(Stored items)
⟨
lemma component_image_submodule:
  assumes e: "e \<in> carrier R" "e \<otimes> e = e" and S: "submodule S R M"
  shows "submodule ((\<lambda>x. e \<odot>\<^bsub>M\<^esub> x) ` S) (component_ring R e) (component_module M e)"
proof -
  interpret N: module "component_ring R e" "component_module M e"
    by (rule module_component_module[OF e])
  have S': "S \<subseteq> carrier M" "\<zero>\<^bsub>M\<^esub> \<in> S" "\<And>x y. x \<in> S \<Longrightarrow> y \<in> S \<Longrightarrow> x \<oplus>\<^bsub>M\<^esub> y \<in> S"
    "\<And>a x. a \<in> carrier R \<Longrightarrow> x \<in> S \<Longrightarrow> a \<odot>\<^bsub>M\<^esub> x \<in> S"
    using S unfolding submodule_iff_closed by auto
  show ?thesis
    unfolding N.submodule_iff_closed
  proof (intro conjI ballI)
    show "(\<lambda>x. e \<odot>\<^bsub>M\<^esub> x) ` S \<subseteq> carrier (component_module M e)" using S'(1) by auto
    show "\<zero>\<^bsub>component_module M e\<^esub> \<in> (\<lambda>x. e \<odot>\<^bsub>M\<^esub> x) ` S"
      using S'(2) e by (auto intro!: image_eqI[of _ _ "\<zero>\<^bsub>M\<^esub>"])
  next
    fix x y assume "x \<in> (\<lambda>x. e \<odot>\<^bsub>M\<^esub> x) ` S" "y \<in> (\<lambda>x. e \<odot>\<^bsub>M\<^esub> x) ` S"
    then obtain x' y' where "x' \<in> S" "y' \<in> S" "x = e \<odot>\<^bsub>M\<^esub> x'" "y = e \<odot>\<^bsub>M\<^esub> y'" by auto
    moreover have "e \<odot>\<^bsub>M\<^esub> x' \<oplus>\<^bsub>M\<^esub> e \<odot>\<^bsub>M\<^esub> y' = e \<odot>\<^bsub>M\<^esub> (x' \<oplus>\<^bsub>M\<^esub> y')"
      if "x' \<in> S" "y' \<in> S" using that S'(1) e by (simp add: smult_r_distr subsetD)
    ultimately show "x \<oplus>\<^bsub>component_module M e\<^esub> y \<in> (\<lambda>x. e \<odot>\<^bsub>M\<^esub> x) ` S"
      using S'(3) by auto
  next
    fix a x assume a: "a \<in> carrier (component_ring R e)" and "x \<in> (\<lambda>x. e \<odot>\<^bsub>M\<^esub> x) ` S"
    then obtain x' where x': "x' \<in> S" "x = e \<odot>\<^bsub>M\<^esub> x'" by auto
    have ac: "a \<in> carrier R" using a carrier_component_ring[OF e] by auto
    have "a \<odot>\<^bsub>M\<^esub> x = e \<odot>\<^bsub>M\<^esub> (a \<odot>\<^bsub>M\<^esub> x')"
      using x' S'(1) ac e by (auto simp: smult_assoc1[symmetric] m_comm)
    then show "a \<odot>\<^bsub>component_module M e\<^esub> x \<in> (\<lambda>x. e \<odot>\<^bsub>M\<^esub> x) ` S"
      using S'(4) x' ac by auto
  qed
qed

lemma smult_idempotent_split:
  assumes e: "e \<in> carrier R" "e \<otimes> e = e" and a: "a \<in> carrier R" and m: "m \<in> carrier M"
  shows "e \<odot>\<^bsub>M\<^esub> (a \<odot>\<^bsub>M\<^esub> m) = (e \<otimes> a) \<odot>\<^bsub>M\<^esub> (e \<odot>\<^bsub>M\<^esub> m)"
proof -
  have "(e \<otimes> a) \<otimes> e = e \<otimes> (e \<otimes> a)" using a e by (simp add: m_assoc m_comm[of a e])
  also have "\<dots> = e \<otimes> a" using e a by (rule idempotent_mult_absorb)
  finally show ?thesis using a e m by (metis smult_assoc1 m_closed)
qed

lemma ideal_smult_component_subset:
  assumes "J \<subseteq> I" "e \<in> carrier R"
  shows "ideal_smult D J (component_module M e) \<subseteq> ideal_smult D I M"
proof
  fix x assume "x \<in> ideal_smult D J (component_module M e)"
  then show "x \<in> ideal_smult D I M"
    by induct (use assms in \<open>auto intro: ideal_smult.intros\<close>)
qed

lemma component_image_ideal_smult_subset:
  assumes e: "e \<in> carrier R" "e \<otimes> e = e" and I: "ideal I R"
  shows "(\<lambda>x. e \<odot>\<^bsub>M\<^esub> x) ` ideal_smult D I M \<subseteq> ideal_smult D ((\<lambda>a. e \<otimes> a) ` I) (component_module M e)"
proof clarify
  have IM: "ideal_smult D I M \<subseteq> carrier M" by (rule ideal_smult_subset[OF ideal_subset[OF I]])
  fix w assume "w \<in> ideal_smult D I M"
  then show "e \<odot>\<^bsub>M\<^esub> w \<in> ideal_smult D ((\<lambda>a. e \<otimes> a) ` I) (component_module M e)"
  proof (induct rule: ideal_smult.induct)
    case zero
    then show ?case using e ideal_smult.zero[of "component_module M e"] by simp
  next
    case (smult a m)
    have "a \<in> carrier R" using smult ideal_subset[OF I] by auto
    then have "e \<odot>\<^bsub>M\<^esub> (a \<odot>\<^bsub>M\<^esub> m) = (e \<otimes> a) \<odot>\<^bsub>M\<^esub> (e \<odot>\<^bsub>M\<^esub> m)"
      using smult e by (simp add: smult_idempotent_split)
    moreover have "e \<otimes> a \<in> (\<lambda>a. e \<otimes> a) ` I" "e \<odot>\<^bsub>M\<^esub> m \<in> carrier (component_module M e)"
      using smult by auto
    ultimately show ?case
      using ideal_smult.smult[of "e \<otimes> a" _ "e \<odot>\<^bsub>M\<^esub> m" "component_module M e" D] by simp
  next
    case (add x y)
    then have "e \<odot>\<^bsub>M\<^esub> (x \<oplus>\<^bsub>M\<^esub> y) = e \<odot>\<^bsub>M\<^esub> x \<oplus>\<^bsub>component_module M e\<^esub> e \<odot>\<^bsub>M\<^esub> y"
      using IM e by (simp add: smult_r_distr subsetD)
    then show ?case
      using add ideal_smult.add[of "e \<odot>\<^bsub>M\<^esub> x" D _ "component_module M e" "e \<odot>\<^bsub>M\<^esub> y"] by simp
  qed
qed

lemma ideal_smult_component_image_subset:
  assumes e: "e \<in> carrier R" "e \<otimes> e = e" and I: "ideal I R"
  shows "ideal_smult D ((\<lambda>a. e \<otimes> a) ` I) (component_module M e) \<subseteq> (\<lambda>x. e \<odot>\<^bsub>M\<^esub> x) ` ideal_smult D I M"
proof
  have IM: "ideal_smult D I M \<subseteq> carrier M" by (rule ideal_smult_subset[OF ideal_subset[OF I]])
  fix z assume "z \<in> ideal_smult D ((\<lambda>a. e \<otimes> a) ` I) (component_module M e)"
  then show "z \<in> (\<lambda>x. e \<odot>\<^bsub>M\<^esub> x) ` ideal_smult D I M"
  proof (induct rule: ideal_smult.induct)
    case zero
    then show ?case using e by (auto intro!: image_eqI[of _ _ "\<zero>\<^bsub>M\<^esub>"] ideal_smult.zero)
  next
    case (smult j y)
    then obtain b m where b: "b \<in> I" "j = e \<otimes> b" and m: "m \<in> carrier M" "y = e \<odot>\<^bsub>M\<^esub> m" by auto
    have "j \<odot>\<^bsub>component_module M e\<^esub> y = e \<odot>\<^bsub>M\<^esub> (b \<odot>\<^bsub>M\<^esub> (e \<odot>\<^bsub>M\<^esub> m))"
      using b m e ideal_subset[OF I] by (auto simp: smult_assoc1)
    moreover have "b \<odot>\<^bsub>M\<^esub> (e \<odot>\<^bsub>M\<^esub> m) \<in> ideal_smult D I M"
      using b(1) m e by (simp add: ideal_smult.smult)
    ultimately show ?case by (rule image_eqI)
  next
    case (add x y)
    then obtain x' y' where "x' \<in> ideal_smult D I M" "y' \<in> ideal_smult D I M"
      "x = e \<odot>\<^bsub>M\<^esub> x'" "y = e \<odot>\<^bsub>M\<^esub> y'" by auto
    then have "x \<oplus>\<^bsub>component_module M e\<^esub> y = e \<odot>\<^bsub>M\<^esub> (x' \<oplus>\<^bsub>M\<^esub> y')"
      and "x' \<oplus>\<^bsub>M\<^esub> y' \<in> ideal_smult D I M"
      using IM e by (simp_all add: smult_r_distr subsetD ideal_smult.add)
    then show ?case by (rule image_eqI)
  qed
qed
⟩
⟨
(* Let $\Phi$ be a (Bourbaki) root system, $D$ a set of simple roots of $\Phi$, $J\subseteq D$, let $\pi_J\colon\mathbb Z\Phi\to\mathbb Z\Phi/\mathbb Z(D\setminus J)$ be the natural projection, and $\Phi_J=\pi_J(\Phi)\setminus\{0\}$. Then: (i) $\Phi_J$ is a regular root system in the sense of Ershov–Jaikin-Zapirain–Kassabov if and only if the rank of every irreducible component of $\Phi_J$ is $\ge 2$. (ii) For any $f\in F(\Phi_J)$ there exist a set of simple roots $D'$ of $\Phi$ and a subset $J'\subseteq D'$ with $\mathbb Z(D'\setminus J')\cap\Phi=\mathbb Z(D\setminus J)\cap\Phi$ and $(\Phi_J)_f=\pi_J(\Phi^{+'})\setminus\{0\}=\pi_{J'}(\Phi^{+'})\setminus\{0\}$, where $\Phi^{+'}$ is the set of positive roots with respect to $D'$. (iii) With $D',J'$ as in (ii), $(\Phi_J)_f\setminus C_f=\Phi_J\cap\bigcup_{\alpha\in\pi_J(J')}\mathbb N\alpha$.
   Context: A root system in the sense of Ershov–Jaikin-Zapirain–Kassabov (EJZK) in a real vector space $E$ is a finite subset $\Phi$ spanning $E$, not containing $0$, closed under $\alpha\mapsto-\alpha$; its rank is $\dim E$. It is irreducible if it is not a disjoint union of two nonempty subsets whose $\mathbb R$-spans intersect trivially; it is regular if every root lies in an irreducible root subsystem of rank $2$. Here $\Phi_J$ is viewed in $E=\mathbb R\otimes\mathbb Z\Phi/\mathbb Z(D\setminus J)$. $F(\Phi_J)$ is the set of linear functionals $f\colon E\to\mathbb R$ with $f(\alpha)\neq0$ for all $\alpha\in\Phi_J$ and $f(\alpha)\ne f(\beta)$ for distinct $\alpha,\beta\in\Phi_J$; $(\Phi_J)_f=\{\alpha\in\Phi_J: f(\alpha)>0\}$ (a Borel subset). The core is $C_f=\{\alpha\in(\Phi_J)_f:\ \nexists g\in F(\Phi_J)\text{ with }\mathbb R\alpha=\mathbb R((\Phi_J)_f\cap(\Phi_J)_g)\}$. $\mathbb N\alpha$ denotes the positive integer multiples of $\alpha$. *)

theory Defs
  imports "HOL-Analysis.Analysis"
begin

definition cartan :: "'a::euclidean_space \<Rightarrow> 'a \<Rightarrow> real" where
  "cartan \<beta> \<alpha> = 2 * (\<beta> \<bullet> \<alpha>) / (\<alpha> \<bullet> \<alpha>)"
⟩
⟨
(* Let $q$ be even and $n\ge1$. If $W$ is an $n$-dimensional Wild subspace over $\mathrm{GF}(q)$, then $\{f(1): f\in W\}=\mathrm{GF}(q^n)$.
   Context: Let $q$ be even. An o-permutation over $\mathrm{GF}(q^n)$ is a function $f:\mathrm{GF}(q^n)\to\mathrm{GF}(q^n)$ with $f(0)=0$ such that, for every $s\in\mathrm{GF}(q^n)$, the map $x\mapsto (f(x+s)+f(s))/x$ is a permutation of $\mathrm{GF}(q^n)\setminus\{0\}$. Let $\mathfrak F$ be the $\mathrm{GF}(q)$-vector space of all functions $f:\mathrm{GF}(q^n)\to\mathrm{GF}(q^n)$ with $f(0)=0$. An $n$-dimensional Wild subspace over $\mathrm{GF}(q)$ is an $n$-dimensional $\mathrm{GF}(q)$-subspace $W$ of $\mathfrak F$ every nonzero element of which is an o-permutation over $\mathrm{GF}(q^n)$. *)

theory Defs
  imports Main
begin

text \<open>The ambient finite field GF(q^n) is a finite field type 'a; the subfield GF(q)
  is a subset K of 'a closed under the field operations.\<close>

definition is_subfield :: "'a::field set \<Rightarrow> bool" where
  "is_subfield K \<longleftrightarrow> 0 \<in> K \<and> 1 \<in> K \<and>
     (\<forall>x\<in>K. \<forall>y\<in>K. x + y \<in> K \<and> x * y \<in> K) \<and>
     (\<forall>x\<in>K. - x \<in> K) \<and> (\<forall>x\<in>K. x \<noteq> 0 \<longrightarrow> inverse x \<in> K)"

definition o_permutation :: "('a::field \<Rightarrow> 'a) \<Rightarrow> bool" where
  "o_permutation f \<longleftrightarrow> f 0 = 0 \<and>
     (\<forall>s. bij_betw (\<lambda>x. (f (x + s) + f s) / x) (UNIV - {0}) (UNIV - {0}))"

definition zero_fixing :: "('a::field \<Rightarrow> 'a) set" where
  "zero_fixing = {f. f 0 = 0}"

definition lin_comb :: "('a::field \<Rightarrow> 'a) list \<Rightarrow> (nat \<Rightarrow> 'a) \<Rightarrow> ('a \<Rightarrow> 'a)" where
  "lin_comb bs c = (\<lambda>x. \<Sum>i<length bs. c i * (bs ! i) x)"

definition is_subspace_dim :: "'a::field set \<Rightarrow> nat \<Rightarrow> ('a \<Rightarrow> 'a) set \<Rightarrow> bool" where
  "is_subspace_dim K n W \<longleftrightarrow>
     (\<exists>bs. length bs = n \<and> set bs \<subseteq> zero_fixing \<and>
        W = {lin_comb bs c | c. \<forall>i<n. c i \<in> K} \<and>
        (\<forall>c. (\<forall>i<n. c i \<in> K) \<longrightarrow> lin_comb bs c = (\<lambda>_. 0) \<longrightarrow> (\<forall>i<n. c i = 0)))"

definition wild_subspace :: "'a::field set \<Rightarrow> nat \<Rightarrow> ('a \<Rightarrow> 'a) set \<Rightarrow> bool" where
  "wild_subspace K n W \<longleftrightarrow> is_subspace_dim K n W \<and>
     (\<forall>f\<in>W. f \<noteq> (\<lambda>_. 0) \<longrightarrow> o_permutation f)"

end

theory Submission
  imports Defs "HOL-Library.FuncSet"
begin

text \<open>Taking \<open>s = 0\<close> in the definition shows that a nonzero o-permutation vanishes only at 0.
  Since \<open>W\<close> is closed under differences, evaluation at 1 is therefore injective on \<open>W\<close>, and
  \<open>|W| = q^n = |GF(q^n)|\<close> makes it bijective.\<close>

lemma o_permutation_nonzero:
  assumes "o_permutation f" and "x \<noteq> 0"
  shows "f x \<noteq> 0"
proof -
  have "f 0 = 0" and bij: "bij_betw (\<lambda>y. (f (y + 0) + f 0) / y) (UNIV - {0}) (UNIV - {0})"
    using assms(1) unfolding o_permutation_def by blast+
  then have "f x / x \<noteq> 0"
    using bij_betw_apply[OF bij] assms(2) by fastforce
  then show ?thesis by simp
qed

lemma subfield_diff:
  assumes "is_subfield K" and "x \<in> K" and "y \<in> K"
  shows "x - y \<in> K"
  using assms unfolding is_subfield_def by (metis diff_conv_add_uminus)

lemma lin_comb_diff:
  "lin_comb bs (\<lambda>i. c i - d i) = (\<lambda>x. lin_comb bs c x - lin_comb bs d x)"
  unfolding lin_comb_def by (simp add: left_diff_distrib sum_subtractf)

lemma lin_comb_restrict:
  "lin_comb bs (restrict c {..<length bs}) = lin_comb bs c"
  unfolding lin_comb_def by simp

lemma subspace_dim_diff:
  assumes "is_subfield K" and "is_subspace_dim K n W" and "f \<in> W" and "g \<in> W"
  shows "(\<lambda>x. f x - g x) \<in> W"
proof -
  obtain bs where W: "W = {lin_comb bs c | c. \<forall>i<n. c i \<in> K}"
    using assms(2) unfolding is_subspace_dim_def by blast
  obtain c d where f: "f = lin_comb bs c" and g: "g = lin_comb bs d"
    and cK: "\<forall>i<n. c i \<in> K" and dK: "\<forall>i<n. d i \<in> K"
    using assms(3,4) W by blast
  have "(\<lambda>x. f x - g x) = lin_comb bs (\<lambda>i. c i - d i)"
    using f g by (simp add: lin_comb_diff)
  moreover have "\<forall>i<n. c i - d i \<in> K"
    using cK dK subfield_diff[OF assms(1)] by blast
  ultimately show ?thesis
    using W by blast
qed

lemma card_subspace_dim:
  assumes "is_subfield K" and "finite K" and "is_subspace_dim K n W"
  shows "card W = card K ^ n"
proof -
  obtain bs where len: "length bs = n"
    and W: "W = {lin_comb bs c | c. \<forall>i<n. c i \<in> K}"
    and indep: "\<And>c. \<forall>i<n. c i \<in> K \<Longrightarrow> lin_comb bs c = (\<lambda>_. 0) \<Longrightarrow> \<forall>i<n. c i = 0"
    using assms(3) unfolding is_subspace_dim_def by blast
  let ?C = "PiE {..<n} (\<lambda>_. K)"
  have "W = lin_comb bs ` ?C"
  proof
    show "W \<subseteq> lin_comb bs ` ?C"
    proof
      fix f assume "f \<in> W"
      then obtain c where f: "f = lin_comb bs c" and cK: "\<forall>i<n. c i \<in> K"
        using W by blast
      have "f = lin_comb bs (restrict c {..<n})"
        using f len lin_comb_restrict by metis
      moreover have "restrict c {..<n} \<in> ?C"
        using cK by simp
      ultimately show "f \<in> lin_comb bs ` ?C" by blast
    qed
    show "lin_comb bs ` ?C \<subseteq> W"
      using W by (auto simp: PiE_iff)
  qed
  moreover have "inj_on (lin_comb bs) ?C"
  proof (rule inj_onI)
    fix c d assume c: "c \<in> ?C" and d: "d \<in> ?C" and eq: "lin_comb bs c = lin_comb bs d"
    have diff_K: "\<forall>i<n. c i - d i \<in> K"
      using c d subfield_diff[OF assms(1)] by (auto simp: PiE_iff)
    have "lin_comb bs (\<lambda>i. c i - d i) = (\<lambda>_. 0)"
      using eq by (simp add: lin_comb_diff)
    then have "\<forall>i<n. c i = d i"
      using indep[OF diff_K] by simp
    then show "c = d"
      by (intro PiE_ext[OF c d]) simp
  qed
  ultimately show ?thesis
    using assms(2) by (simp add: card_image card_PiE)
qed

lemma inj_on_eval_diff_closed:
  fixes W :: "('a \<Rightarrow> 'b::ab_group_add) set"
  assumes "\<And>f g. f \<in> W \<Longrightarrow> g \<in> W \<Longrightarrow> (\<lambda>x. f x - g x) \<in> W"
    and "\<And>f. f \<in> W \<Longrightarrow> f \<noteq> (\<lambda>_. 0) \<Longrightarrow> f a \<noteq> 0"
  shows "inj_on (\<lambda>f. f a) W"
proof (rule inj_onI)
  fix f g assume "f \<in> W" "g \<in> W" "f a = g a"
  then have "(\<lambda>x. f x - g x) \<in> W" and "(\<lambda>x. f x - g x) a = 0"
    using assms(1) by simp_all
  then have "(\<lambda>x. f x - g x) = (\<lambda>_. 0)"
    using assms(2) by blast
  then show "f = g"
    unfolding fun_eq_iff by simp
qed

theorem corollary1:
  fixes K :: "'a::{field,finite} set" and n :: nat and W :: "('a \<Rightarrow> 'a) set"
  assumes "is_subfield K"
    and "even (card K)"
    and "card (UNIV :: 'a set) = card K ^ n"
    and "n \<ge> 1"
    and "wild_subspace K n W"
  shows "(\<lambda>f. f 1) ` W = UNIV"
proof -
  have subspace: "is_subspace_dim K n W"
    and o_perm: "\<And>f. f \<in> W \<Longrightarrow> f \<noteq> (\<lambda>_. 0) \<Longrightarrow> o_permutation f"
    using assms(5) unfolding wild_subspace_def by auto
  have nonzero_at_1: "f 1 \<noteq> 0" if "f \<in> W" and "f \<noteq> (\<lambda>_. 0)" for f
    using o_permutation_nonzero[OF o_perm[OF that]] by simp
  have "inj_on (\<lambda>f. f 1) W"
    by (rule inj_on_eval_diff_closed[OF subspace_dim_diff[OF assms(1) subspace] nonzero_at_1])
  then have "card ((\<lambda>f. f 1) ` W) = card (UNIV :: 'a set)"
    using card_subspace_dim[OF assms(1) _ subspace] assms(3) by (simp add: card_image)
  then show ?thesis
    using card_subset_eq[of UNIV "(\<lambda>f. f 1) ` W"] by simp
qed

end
⟩
• **WHAT IS BEING ASKED**
Out of the data above, give again only the lines starting at the one holding "text \<open>Taking \<open>s" and ending at the one holding "i) = (\<lambda>x.", unchanged.

• **EXERCISE OUTPUT**
text \<open>Taking \<open>s = 0\<close> in the definition shows that a nonzero o-permutation vanishes only at 0.
  Since \<open>W\<close> is closed under differences, evaluation at 1 is therefore injective on \<open>W\<close>, and
  \<open>|W| = q^n = |GF(q^n)|\<close> makes it bijective.\<close>

lemma o_permutation_nonzero:
  assumes "o_permutation f" and "x \<noteq> 0"
  shows "f x \<noteq> 0"
proof -
  have "f 0 = 0" and bij: "bij_betw (\<lambda>y. (f (y + 0) + f 0) / y) (UNIV - {0}) (UNIV - {0})"
    using assms(1) unfolding o_permutation_def by blast+
  then have "f x / x \<noteq> 0"
    using bij_betw_apply[OF bij] assms(2) by fastforce
  then show ?thesis by simp
qed

lemma subfield_diff:
  assumes "is_subfield K" and "x \<in> K" and "y \<in> K"
  shows "x - y \<in> K"
  using assms unfolding is_subfield_def by (metis diff_conv_add_uminus)

lemma lin_comb_diff:
  "lin_comb bs (\<lambda>i. c i - d i) = (\<lambda>x. lin_comb bs c x - lin_comb bs d x)"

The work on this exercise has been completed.